For Pro-Bono, basic CV advice/comment, please feel free to contact me.
For more comprehensive, bespoke advice, career planning, interview training and assessment see here
CV Stats
A recent Survey amongst over 1000 HR Professionals also made the following CV recommendations:
*Incompletely or inaccurately addressed CVs and CV cover letters were rejected immediately by 83% of HR departments.
*72% of HR departments said they didn’t like (or ignored) personal profiles on CVs.
*62% of HR departments said they ignored summaries and relied on relevant information being in the body of the CV.
*68% of HR professionals admitted they didn’t read covering letters/emails.
*CVs and cover letters addressed to a named person were significantly favoured over those addressed to a generic job title by 55% of HR departments.
*63% of HR departments said that the inclusion of a photograph with the CV adversely affected their opinion of the applicant.
Great Tips Gary
Why reverse chronological order? And why name as title? Just interested.
Thanks, you can expect my effort in this year!

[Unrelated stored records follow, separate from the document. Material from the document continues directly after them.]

theorem theorem2:
  fixes T :: real and p :: int
  assumes "T > 0"
  shows "\<exists>l0 dl c \<phi>. dl \<noteq> 0 \<and> schwartz \<phi> \<and> (\<phi> has_integral 1) UNIV \<and>
     (\<forall>t \<in> {0..T}. \<forall>\<psi>. schwartz \<psi> \<longrightarrow>
        R_eps_up_to p (\<lambda>\<epsilon>. integral UNIV (\<lambda>x.
           (deriv (\<lambda>s. soliton_v l0 dl c \<phi> s x \<epsilon>) t
            + soliton_v l0 dl c \<phi> t x \<epsilon> * deriv (\<lambda>y. soliton_v l0 dl c \<phi> t y \<epsilon>) x)
           * \<psi> x))) \<and>
     (c - l0) / dl = 1/2 * integral UNIV (\<lambda>x. (\<phi> x)\<^sup>2)"
proof -
  obtain \<phi> c where S\<phi>: "\<forall>n. schwartz_upto n \<phi>" and "(\<phi> has_integral 1) UNIV"
    and c: "c = 1/2 * integral UNIV (\<lambda>x. (\<phi> x)\<^sup>2)"
    and Sr: "schwartz_upto (Suc 0) (\<lambda>y. deriv \<phi> y * (\<phi> y - c))"
    and moments: "\<forall>j<nat p. integral\<^sup>L lborel (\<lambda>y. y ^ j * (deriv \<phi> y * (\<phi> y - c))) = 0"
    using hopf_profile_exists by blast
  have d\<phi>: "\<forall>x. \<phi> differentiable (at x)" using schwartz_upto_SucD(1) S\<phi> by blast
  have "R_eps_up_to p (\<lambda>\<epsilon>. integral UNIV (\<lambda>x.
           (deriv (\<lambda>s. soliton_v 0 1 c \<phi> s x \<epsilon>) t
            + soliton_v 0 1 c \<phi> t x \<epsilon> * deriv (\<lambda>y. soliton_v 0 1 c \<phi> t y \<epsilon>) x) * \<psi> x))"
    if \<psi>: "schwartz \<psi>" for t \<psi>
    using R_eps_up_to_rescaled_pairing[OF Sr \<psi>, of p "c * t"] moments
    by (simp add: soliton_residual[OF d\<phi>])
  note pairing = this
  have speed_eq: "(c - 0) / 1 = 1/2 * integral UNIV (\<lambda>x. (\<phi> x)\<^sup>2)" using c by simp
  show ?thesis
    by (rule exI[of _ 0], rule exI[of _ 1], rule exI[of _ c], rule exI[of _ \<phi>])
      (use pairing speed_eq \<open>(\<phi> has_integral 1) UNIV\<close> schwartz_if_schwartz_upto_all[OF S\<phi>] in auto)
qed

end
(* For $k\in\mathcal N$, let $\pi^k$ be the stationary distribution of the single-server queue under the threshold policy with threshold $k$ (active at states $0,\dots,k$, passive at states $\ge k+1$). Then $\sum_{j=0}^k \pi^k(j)$ is an increasing function of $k$.
   Context: Single-server queue: Bernoulli($p$) arrivals, $X_{t+1}=X_t-D_{t+1}+\nu_t\xi_{t+1}$ on $\mathcal N=\{0,1,\dots\}$, $\nu_t\in\{0,1\}$ with arrivals admitted only when $\nu_t=1$; given $X_t=x\ge1$, $D_{t+1}\sim\mathrm{Binomial}(x,q/x)$, no departures at $x=0$; $1>q>2p>0$. Under the threshold-$k$ policy the recurrent class is $\{0,1,\dots,k+1\}$. *)

theory Defs
  imports "HOL-Probability.Probability"
begin

definition thr_policy :: "nat \<Rightarrow> nat \<Rightarrow> bool" where
  "thr_policy k x \<longleftrightarrow> x \<le> k"

definition queue_trans :: "real \<Rightarrow> real \<Rightarrow> nat \<Rightarrow> nat \<Rightarrow> nat pmf" where
  "queue_trans p q k x =
     bind_pmf (if x = 0 then return_pmf 0 else binomial_pmf x (q / real x)) (\<lambda>d.
     bind_pmf (bernoulli_pmf p) (\<lambda>xi.
       return_pmf (x - d + (if thr_policy k x \<and> xi then 1 else 0))))"

definition stationary :: "real \<Rightarrow> real \<Rightarrow> nat \<Rightarrow> nat pmf \<Rightarrow> bool" where
  "stationary p q k \<pi> \<longleftrightarrow> bind_pmf \<pi> (queue_trans p q k) = \<pi>"

end

theory Submission
  imports Defs
begin

text \<open>
  Write \<open>A\<^sub>k(x, j)\<close> for the probability of moving from \<open>x\<close> to a state \<open>\<le> j\<close> in one step
  and \<open>a(j)\<close> for the probability of no departure at \<open>j\<close>. A stationary \<open>\<pi>\<close> is supported
  on \<open>{0..k+1}\<close>, and balancing the flow across the cut between \<open>j\<close> and \<open>j + 1\<close> gives
  \<open>p a(j) \<pi>(j) = \<Sum>\<^sub>x\<^sub>>\<^sub>j \<pi>(x) A\<^sub>k(x, j)\<close> for \<open>j \<le> k\<close>. Hence \<open>\<pi>(j) = \<pi>(k+1) u\<^sub>k(j)\<close> for
  ratios \<open>u\<^sub>k\<close> determined by backward recursion from \<open>u\<^sub>k(k+1) = 1\<close>, and the mass of the
  active states is \<open>1 - 1 / \<Sum>\<^sub>j u\<^sub>k(j)\<close>. Raising the threshold to \<open>k + 1\<close> increases every
  ratio: the only new ingredient is \<open>(1 - p) u\<^sub>k\<^sub>+\<^sub>1(k+1) \<ge> 1\<close>, which follows from
  \<open>a(m) \<le> 1 / (1 + q)\<close> for \<open>m \<ge> 1\<close> together with \<open>2p < q\<close>.
\<close>

lemma measure_bind_pmf:
  "measure (bind_pmf M N) X = (\<integral>x. measure (N x) X \<partial>M)"
  unfolding measure_pmf_bind
  by (rule measure_pmf.measure_bind[where N="count_space UNIV"])
     (auto simp: space_subprob_algebra prob_space_imp_subprob_space prob_space_measure_pmf)
(* Let $n\ge 3$ and let $CH_n$ be the closed Helm graph. Then $$\chi'(CH_n)=\begin{cases}3(n+1) & \text{if } n \text{ is even},\\ 3n+7 & \text{if } n \text{ is odd}.\end{cases}$$
   Context: The closed Helm graph $CH_n$ has vertices $v, v_1,\dots,v_n,u_1,\dots,u_n$; $v_1\dots v_n$ form a cycle, $u_1\dots u_n$ form a cycle (in this order), $v$ is adjacent to every $v_i$, and $u_i$ is adjacent to $v_i$ for each $i$ (i.e. the Helm graph with its pendant vertices joined into an outer cycle). For a proper colouring $c:V(G)\to\{1,\dots,k\}$ (colour $c_i$ identified with $i$), the colouring sum is $\sum_{i=1}^k i\,\theta(c_i)=\sum_v c(v)$, $\theta(c_i)$ the number of vertices of colour $c_i$. The $\chi$-chromatic sum $\chi'(G)$ is the minimum colouring sum over all proper colourings $c:V(G)\to\{1,\dots,\chi(G)\}$, $\chi(G)$ the chromatic number. *)

theory Defs
  imports Main
begin

definition proper_colouring :: "'a set \<Rightarrow> ('a \<Rightarrow> 'a \<Rightarrow> bool) \<Rightarrow> nat \<Rightarrow> ('a \<Rightarrow> nat) \<Rightarrow> bool" where
  "proper_colouring V E k c \<longleftrightarrow>
     (\<forall>x\<in>V. c x \<in> {1..k}) \<and> (\<forall>x\<in>V. \<forall>y\<in>V. E x y \<longrightarrow> c x \<noteq> c y)"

Reverse chronology so that most recent (and most relevant) is first.
Name as title as it makes the document cleaner and it’s obvious it’s a CV!
Great blog. At what point do you think age starts to work against?
Officially, never.
Candidly, it depends on the role. Age is more about attitude & demeanour. People can be ‘older’ at 30 than others are at 50. It’s also about the onward career progression. I placed more over 50s last year than I can ever remember, and the average age of placements has increased every year for the last 5.
Great Guide Gary.
What is the optimum length in your opinion?
A page per 10 years of your career, plus a page with general info is a very very rough rule of thumb. Much more that 4 pages and it needs to contain a lot of VERY relevant data
Great tips Gary, really interesting to get the take from someone who is trully on the inside.
What kind of fonts would you recommend? (and oppose?)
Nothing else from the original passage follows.